Let’s get this out of the way: Hot Pursuit is not a great movie. It’s not even a very good movie. In fact, it might be kind of a terrible movie. That said, it’s a film not without merit.
It’s hard to make a great movie from derivative beginnings, and the odd-couple female-buddy crime comedy has “The Heat Copycat” written all over it. This is a shame because the mismatched duo in question is Reese Witherspoon and Sofía Vergara, an Academy Award winner and a television comedy juggernaut, respectively. They deserve better than a cheap imitation.
In Hot Pursuit, both Witherspoon and Vergara play to type. Witherspoon is Cooper, a by-the-book police officer straight out of the Reese Witherspoon Playbook of Type-A Characters, chained to a desk and desperate to get back out into the field. Vergara is Daniella Riva, the materialistic wife of a drug boss who uses her sexuality like Cooper uses her Taser gun. Cooper is assigned to help transport Riva to Dallas, where she will be a key witness in the trial against a drug kingpin, but when a series of masked baddies descend and murder Cooper’s partner and Riva’s husband, the women are forced to go on the lam.

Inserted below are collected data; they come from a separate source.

definition alt_loop :: "'a \<Rightarrow> 'a list \<Rightarrow> bool" where
  "alt_loop x W \<longleftrightarrow> 3 \<le> length W \<and> hd W = x \<and> last W = x \<and>
     (\<forall>k < length W - 1. good (step W k)) \<and>
     (\<forall>k. Suc k < length W - 1 \<longrightarrow> label (step W k) \<noteq> label (step W (Suc k)))"

lemma alt_loopD:
  assumes "alt_loop x W"
  shows "W \<noteq> []" and "W ! 0 = x" and "W ! (length W - 1) = x" and "3 \<le> length W"
    and "\<And>k. k < length W - 1 \<Longrightarrow> good (step W k)"
    and "\<And>k. Suc k < length W - 1 \<Longrightarrow> label (step W k) \<noteq> label (step W (Suc k))"
proof -
  show ne: "W \<noteq> []" using assms by (auto simp: alt_loop_def)
  show "W ! 0 = x" using assms ne by (simp add: alt_loop_def hd_conv_nth[symmetric])
  show "W ! (length W - 1) = x" using assms ne by (metis alt_loop_def last_conv_nth)
qed (use assms in \<open>auto simp: alt_loop_def\<close>)

lemma alt_loop_take:
  assumes W: "alt_loop x W" and j: "2 \<le> j" "j < length W" "W ! j = x"
  shows "alt_loop x (take (Suc j) W)"
proof -
  let ?W = "take (Suc j) W"
  have steps: "step ?W k = step W k" if "k < j" for k
    using that j by (simp add: step_def)
  show ?thesis
    unfolding alt_loop_def
  proof (intro conjI allI impI)
    show "3 \<le> length ?W" using j by simp
    show "hd ?W = x" using W by (simp add: alt_loop_def)
    show "last ?W = x" using j by (simp add: last_take_Suc)
    show "good (step ?W k)" if "k < length ?W - 1" for k
      using that j steps[of k] alt_loopD(5)[OF W, of k] by simp
    show "label (step ?W k) \<noteq> label (step ?W (Suc k))" if "Suc k < length ?W - 1" for k
      using that j steps[of k] steps[of "Suc k"] alt_loopD(6)[OF W, of k] by simp
  qed
qed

What follows is a series of car chases, clumsy escapes, and multiple costume changes. And, of course, the cop and the femme fatale eventually become besties. This would all work if the movie respected the intelligence of its characters (and the intelligence of its audience). Instead, these women aren’t nearly as smart as they should be, and with its sloppy plotting and never-ending parade of clichés, it’s clear this movie does not believe its viewers are all that bright either. There are honest moments, laugh-out-loud jokes, and genuinely thrilling bits of action peppered throughout the film. It’s unfortunate that the solid bits have to compete so hard against the overwhelming mess. There is a good film inside this second-rate movie. It’s just too bad that, this time, mediocrity won out.